Chief Executive, CIPD

The future of work has probably never been so hotly debated, from how AI and machine learning could displace skilled roles to robots taking on more manual tasks. For people, technology in all its forms can be both an enabler of better jobs and roles, or a disabler, reducing the human skills needed, and the autonomy that people have.


Finding the right balance that drives positive economic outcomes while also ensuring that people have meaningful roles has brought attention to the idea of ‘good’ work. National and local government manifestos increasingly feature the need to build an economy around ‘good’ or ‘fair’ work, encouraging us all to focus on people and not just technology.

Today, there are many challenges in the workplace. These include high levels of stress, low levels of engagement, jobs not utilising or developing people’s skills, slow progress on diversity and inclusion, and questions about leadership and management to name a few.

These issues affect individual well‐being and also their ability to be productive.

We must address these issues proactively, and certainly we cannot assume that technology by itself will somehow make this all better.

Technology can take us out of the 9–5

One of the great opportunities we have is in creating more flexibility in where, when and how we work. Our notion of a standard full‐time job has been with us for decades – the Monday to Friday routine of 9 to 5. Yet, so many jobs don’t have to work in this way, particularly with technology that can connect us wherever we are.

The future of work should be reimagined to see how technology can free us up.

Survey after survey shows that many people would like to be able to flex their work commitments and are looking for better work‐life integration.  More flexible working is also one of the most impactful ways we can create opportunity for everyone, helping to sustain more diverse workforces and access to skills.

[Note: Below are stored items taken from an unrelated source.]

(* For any family of policies $\Pi$, $\mathrm{PF}(\Pi)\subseteq \mathrm{DUS}(\Pi)$.
   Context: $\Pi$ is a family of policies of a multi-objective sequential decision problem with $d$ objectives; each $\pi\in\Pi$ has a random return vector $\mathbf{Z}^\pi\in\mathbb{R}^d$ (discounted sum of vector rewards) with finite expectation $\mathbf{V}^\pi=\mathbb{E}[\mathbf{Z}^\pi]$. For $\mathbf{x},\mathbf{y}\in\mathbb{R}^d$: $\mathbf{y}\preceq_p\mathbf{x}$ iff $y_i\le x_i$ for all $i$; $\mathbf{x}\succ_p\mathbf{y}$ iff $x_i\ge y_i$ for all $i$ and $x_i>y_i$ for some $i$. CDF: $F_{\mathbf{X}}(\mathbf{x})=P(\mathbf{X}\preceq_p\mathbf{x})$. $\mathbf{X}\succeq_{\mathrm{FSD}}\mathbf{Y}$ iff $F_{\mathbf{X}}\le F_{\mathbf{Y}}$ pointwise; $\mathbf{X}\succ_{\mathrm{FSD}}\mathbf{Y}$ iff additionally strict inequality at some point (same for real random variables). $\mathbf{X}\succ_d\mathbf{Y}$ (distributional dominance) iff $\mathbf{X}\succeq_{\mathrm{FSD}}\mathbf{Y}$ and $X_i\succ_{\mathrm{FSD}}Y_i$ for some marginal $i$. Pareto front: $\mathrm{PF}(\Pi)=\{\pi\in\Pi:\nexists\pi'\in\Pi,\ \mathbf{V}^{\pi'}\succ_p\mathbf{V}^\pi\}$. Distributional undominated set: $\mathrm{DUS}(\Pi)=\{\pi\in\Pi:\nexists\pi'\in\Pi,\ \mathbf{Z}^{\pi'}\succ_d\mathbf{Z}^\pi\}$. *)

theory Defs
  imports "HOL-Probability.Probability"
begin

definition pareto_le :: "real^'d \<Rightarrow> real^'d \<Rightarrow> bool" where
  "pareto_le y x \<longleftrightarrow> (\<forall>i. y $ i \<le> x $ i)"

definition pareto_dom :: "real^'d \<Rightarrow> real^'d \<Rightarrow> bool" where
  "pareto_dom x y \<longleftrightarrow> (\<forall>i. x $ i \<ge> y $ i) \<and> (\<exists>i. x $ i > y $ i)"

definition cdf_vec :: "'w measure \<Rightarrow> ('w \<Rightarrow> real^'d) \<Rightarrow> real^'d \<Rightarrow> real" where
  "cdf_vec M X x = measure M {w \<in> space M. pareto_le (X w) x}"

definition cdf_real :: "'w measure \<Rightarrow> ('w \<Rightarrow> real) \<Rightarrow> real \<Rightarrow> real" where
  "cdf_real M f t = measure M {w \<in> space M. f w \<le> t}"

definition fsd_ge_vec :: "'w measure \<Rightarrow> ('w \<Rightarrow> real^'d) \<Rightarrow> 'w measure \<Rightarrow> ('w \<Rightarrow> real^'d) \<Rightarrow> bool" where
  "fsd_ge_vec M X N Y \<longleftrightarrow> (\<forall>x. cdf_vec M X x \<le> cdf_vec N Y x)"

definition fsd_strict_real :: "'w measure \<Rightarrow> ('w \<Rightarrow> real) \<Rightarrow> 'w measure \<Rightarrow> ('w \<Rightarrow> real) \<Rightarrow> bool" where
  "fsd_strict_real M f N g \<longleftrightarrow>
     (\<forall>t. cdf_real M f t \<le> cdf_real N g t) \<and> (\<exists>t. cdf_real M f t < cdf_real N g t)"

definition dist_dom :: "'w measure \<Rightarrow> ('w \<Rightarrow> real^'d) \<Rightarrow> 'w measure \<Rightarrow> ('w \<Rightarrow> real^'d) \<Rightarrow> bool" where
  "dist_dom M X N Y \<longleftrightarrow> fsd_ge_vec M X N Y \<and>
     (\<exists>i. fsd_strict_real M (\<lambda>w. X w $ i) N (\<lambda>w. Y w $ i))"

definition value_vec :: "('p \<Rightarrow> 'w measure) \<Rightarrow> ('p \<Rightarrow> 'w \<Rightarrow> real^'d) \<Rightarrow> 'p \<Rightarrow> real^'d" where
  "value_vec M Z \<pi> = integral\<^sup>L (M \<pi>) (Z \<pi>)"

definition pareto_front :: "'p set \<Rightarrow> ('p \<Rightarrow> 'w measure) \<Rightarrow> ('p \<Rightarrow> 'w \<Rightarrow> real^'d) \<Rightarrow> 'p set" where
  "pareto_front Pols M Z = {\<pi> \<in> Pols. \<not> (\<exists>\<pi>'\<in>Pols. pareto_dom (value_vec M Z \<pi>') (value_vec M Z \<pi>))}"

definition dus :: "'p set \<Rightarrow> ('p \<Rightarrow> 'w measure) \<Rightarrow> ('p \<Rightarrow> 'w \<Rightarrow> real^'d) \<Rightarrow> 'p set" where
  "dus Pols M Z = {\<pi> \<in> Pols. \<not> (\<exists>\<pi>'\<in>Pols. dist_dom (M \<pi>') (Z \<pi>') (M \<pi>) (Z \<pi>))}"

end

theory Submission
  imports Defs
begin

(*
  Vector first-order dominance implies first-order dominance of every marginal: let all
  coordinates but the j-th tend to infinity in the joint CDF. For real random variables,
  the layer-cake formula
    E f = \<integral>\<^sub>0\<^sup>\<infinity> (1 - F(t)) dt - \<integral>\<^sub>0\<^sup>\<infinity> F(-t) dt
  turns F \<le> G into E g \<le> E f; if moreover F(t\<^sub>0) < G(t\<^sub>0), right-continuity of F keeps
  a gap on an interval to the right of t\<^sub>0, which makes the inequality strict. Hence the
  expected return of a distributionally dominating policy Pareto-dominates, so a policy on
  the Pareto front cannot be distributionally dominated.
*)

lemma pareto_le_iff_less_eq: "pareto_le y x \<longleftrightarrow> y \<le> x"
  by (simp add: pareto_le_def less_eq_vec_def)

lemma (in prob_space) cdf_distr_eq_cdf_real:
  assumes "f \<in> borel_measurable M"
  shows "cdf (distr M borel f) = cdf_real M f"
  using assms by (auto simp: fun_eq_iff cdf_def cdf_real_def measure_distr vimage_def Int_def conj_commute)

lemma (in prob_space) mono_cdf_real:
  assumes "f \<in> borel_measurable M"
  shows "mono (cdf_real M f)"
proof -
  interpret D: real_distribution "distr M borel f"
    using assms by simp
  show ?thesis
    using D.cdf_nondecreasing by (simp add: mono_def cdf_distr_eq_cdf_real[OF assms])
qed

lemma (in prob_space) cdf_real_right_continuous:
  assumes "f \<in> borel_measurable M"
  shows "continuous (at_right a) (cdf_real M f)"
proof -
  interpret D: real_distribution "distr M borel f"
    using assms by simp
  show ?thesis
    using D.cdf_is_right_cont by (simp add: cdf_distr_eq_cdf_real[OF assms])
qed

Training managers to best support flexible workforces

The future of work should be reimagined to see how technology can free us up. To take away some of the more routine – and frankly duller – aspects of work, to enable good jobs and roles, and to allow us more flexibility in how we work. Mindsets and cultures will have to shift from the hierarchical, rules and process driven models of the past. We will have to train managers how to empower and manage more flexible, remote and diverse workforces, and to ensure that people are still properly protected, rewarded, and developed. That surely will help us all create better outcomes from work, for people, for organisations and for the wider economy.